Israel verabschiedet Gesetz zur Ausweitung der Regierungsbefugnisse über die Justiz: Proteste in Tel Aviv ausgebrochen
Die israelische Knesset hat den Gesetzentwurf verabschiedet, der tiefgreifende Änderungen am Justizsystem vorsieht. Berichten zufolge stimmten 67 Abgeordnete für das Gesetz. Es wurde darauf hingewiesen, dass das Reformpaket die Befugnisse der Regierung bei der Ernennung von Richtern erweitern wird. Nach der Verabschiedung des Gesetzes begannen in der Hauptstadt Tel Aviv großflächige Proteste.
Gemäß der neuen gesetzlichen Regelung, die das israelische Parlament verabschiedet hat, wird sich die Zusammensetzung der neunköpfigen Richterwahlkommission ändern. In der Kommission, in der sowohl die Regierung als auch die Opposition jeweils einen Juristen ernennen werden, wird es ein Vetorecht gegen politische Ernennungen geben. Israelis, die gegen das neue Gesetz protestierten, hielten in Tel Aviv eine Demonstration ab.

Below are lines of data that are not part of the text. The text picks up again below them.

(* Let $s>0$, $Y>0$, $\tau\geq 0$, and consider the delay differential system \[ \dot x(t)=x(t)(1-x(t))-y(t)x(t),\qquad \dot y(t)=-sy(t)+Ye^{-s\tau}y(t-\tau)x(t-\tau), \] with initial data $(\phi,\psi)\in X:=C([-\tau,0],\mathbb{R}_+)^2$. Its equilibria are $E_0=(0,0)$, $E_1=(1,0)$ and $E_+=(x_+(\tau),y_+(\tau))=\left(\frac{s}{Y}e^{s\tau},\,1-\frac{s}{Y}e^{s\tau}\right)$. Let $\tau_c=\frac1s\ln\left(\frac{Y}{s}\right)$ and \[ X^0=\{(\phi,\psi)\in X:\ \phi(0)>0 \text{ and there exists } \theta\in[-\tau,0] \text{ with } \phi(\theta)\psi(\theta)>0\}. \] Then: \begin{enumerate} \item $E_0$ is always unstable. \item (a) $E_1$ is unstable if $0\leq\tau<\tau_c$; (b) $E_1$ is globally asymptotically stable with respect to initial data in $X^0$ if $\tau>\tau_c$ (i.e. if $\frac{se^{s\tau}}{Y}>1$). \item Both components of $E_+$ are positive if and only if $0\leq\tau<\tau_c$ (i.e. $\frac{se^{s\tau}}{Y}<1$). Moreover: (a) when both components of $E_+$ are positive and $\tau=0$, $E_+$ is globally asymptotically stable with respect to initial data in $\operatorname{int}\mathbb{R}^2_+$; (b) when both components of $E_+$ are positive (and $\tau\geq0$), the system is uniformly persistent with respect to initial data in $X^0$: there exists $\epsilon>0$, independent of $(\phi,\psi)\in X^0$, such that $\liminf_{t\to\infty}x(t)>\epsilon$ and $\liminf_{t\to\infty}y(t)>\epsilon$. \end{enumerate}
   Context: $\mathbb{R}_+=\{x\in\mathbb{R}:x\geq0\}$; $C([-\tau,0],\mathbb{R}_+)$ carries the uniform norm. Local stability of an equilibrium is in the sense of the linearized delay system, i.e. determined by the roots of its characteristic equation; global asymptotic stability with respect to a set of initial data means local asymptotic stability plus convergence to the equilibrium of every solution with initial data in that set. *)

theory Defs
  imports "HOL-Analysis.Analysis"
begin

definition rhs_x :: "real \<Rightarrow> real \<Rightarrow> real" where
  "rhs_x x y = x * (1 - x) - y * x"

definition rhs_y :: "real \<Rightarrow> real \<Rightarrow> real \<Rightarrow> real \<Rightarrow> real \<Rightarrow> real \<Rightarrow> real" where
  "rhs_y s Y \<tau> y yd xd = - s * y + Y * exp (- s * \<tau>) * yd * xd"

definition in_X :: "real \<Rightarrow> (real \<Rightarrow> real) \<Rightarrow> (real \<Rightarrow> real) \<Rightarrow> bool" where
  "in_X \<tau> \<phi> \<psi> \<longleftrightarrow>
     continuous_on {-\<tau>..0} \<phi> \<and> continuous_on {-\<tau>..0} \<psi> \<and>
     (\<forall>\<theta>\<in>{-\<tau>..0}. \<phi> \<theta> \<ge> 0 \<and> \<psi> \<theta> \<ge> 0)"

definition in_X0 :: "real \<Rightarrow> (real \<Rightarrow> real) \<Rightarrow> (real \<Rightarrow> real) \<Rightarrow> bool" where
  "in_X0 \<tau> \<phi> \<psi> \<longleftrightarrow> in_X \<tau> \<phi> \<psi> \<and> \<phi> 0 > 0 \<and> (\<exists>\<theta>\<in>{-\<tau>..0}. \<phi> \<theta> * \<psi> \<theta> > 0)"

definition is_solution ::
  "real \<Rightarrow> real \<Rightarrow> real \<Rightarrow> (real \<Rightarrow> real) \<Rightarrow> (real \<Rightarrow> real) \<Rightarrow> (real \<Rightarrow> real) \<Rightarrow> (real \<Rightarrow> real) \<Rightarrow> bool" where
  "is_solution s Y \<tau> \<phi> \<psi> x y \<longleftrightarrow>
     (\<forall>\<theta>\<in>{-\<tau>..0}. x \<theta> = \<phi> \<theta> \<and> y \<theta> = \<psi> \<theta>) \<and>
     continuous_on {-\<tau>..} x \<and> continuous_on {-\<tau>..} y \<and>
     (\<forall>t\<ge>0. (x has_real_derivative rhs_x (x t) (y t)) (at t within {0..}) \<and>
             (y has_real_derivative rhs_y s Y \<tau> (y t) (y (t - \<tau>)) (x (t - \<tau>))) (at t within {0..}))"

text \<open>Linearization at an equilibrium (a,b): u' = A u(t) + B u(t - tau), where
  A, B are the Jacobians of the right-hand side w.r.t. the non-delayed and delayed
  arguments. Characteristic function: det(lambda I - A - e^{-lambda tau} B).\<close>
definition char_fun :: "real \<Rightarrow> real \<Rightarrow> real \<Rightarrow> real \<times> real \<Rightarrow> complex \<Rightarrow> complex" where
  "char_fun s Y \<tau> E z =
     (let a = fst E; b = snd E; c = Y * exp (- s * \<tau>);
          A11 = 1 - 2 * a - b; A12 = - a; A21 = 0; A22 = - s;
          B11 = 0; B12 = 0; B21 = c * b; B22 = c * a;
          e = exp (- z * of_real \<tau>);
          M11 = z - of_real A11 - e * of_real B11;
          M12 = - of_real A12 - e * of_real B12;
          M21 = - of_real A21 - e * of_real B21;
          M22 = z - of_real A22 - e * of_real B22
      in M11 * M22 - M12 * M21)"

definition locally_asymp_stable :: "real \<Rightarrow> real \<Rightarrow> real \<Rightarrow> real \<times> real \<Rightarrow> bool" where
  "locally_asymp_stable s Y \<tau> E \<longleftrightarrow> (\<forall>z. char_fun s Y \<tau> E z = 0 \<longrightarrow> Re z < 0)"

definition unstable :: "real \<Rightarrow> real \<Rightarrow> real \<Rightarrow> real \<times> real \<Rightarrow> bool" where
  "unstable s Y \<tau> E \<longleftrightarrow> (\<exists>z. char_fun s Y \<tau> E z = 0 \<and> Re z > 0)"

definition globally_asymp_stable ::
  "real \<Rightarrow> real \<Rightarrow> real \<Rightarrow> real \<times> real \<Rightarrow> ((real \<Rightarrow> real) \<Rightarrow> (real \<Rightarrow> real) \<Rightarrow> bool) \<Rightarrow> bool" where
  "globally_asymp_stable s Y \<tau> E S \<longleftrightarrow>
     locally_asymp_stable s Y \<tau> E \<and>
     (\<forall>\<phi> \<psi> x y. S \<phi> \<psi> \<longrightarrow> is_solution s Y \<tau> \<phi> \<psi> x y \<longrightarrow>
        (x \<longlongrightarrow> fst E) at_top \<and> (y \<longlongrightarrow> snd E) at_top)"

Oppositionsparteien argumentierten, dass diese Änderung die Unabhängigkeit der Justiz untergraben werde.
Der Vorsitzende der größten Oppositionspartei Jesch Atid, Yair Lapid, reichte beim Obersten Gerichtshof Klage gegen das Gesetz ein. Auch zivilgesellschaftliche Organisationen und die israelische Anwaltskammer reichten Klagen mit der Begründung ein, das Gesetz sei verfassungswidrig. Im Parlament wurde eine Rekordzahl von 71.000 Einspruchsschreiben eingereicht.

ISRAELIS GEHEN AUF DIE STRASSE
Während des Abstimmungsprozesses verließen die Abgeordneten der Opposition aus Protest den Plenarsaal. Es wurde festgehalten, dass die Beratungen insgesamt 18 Stunden dauerten. Der Gesetzentwurf war zuvor vom Obersten Gerichtshof aufgrund von Vorwürfen der Unvereinbarkeit mit den Grundgesetzen Israels annulliert worden.
Die Justizreform, die Premierminister Benjamin Netanjahu im vergangenen Jahr auf die Tagesordnung setzte, löste im Land massive Proteste aus. Das Reformpaket, das aufgrund der Militäroperationen in Gaza verschoben worden war, kam erneut auf die Tagesordnung des Parlaments.
Der Oberste Gerichtshof hatte im Januar Regelungen, die einige Befugnisse der Regierung einschränkten, für verfassungswidrig erklärt und annulliert. Das neue Gesetz wurde trotz dieser Entscheidung des Gerichts verabschiedet. Experten prognostizieren, dass es zu einem Kompetenzkonflikt zwischen der Justiz und der Exekutive kommen könnte.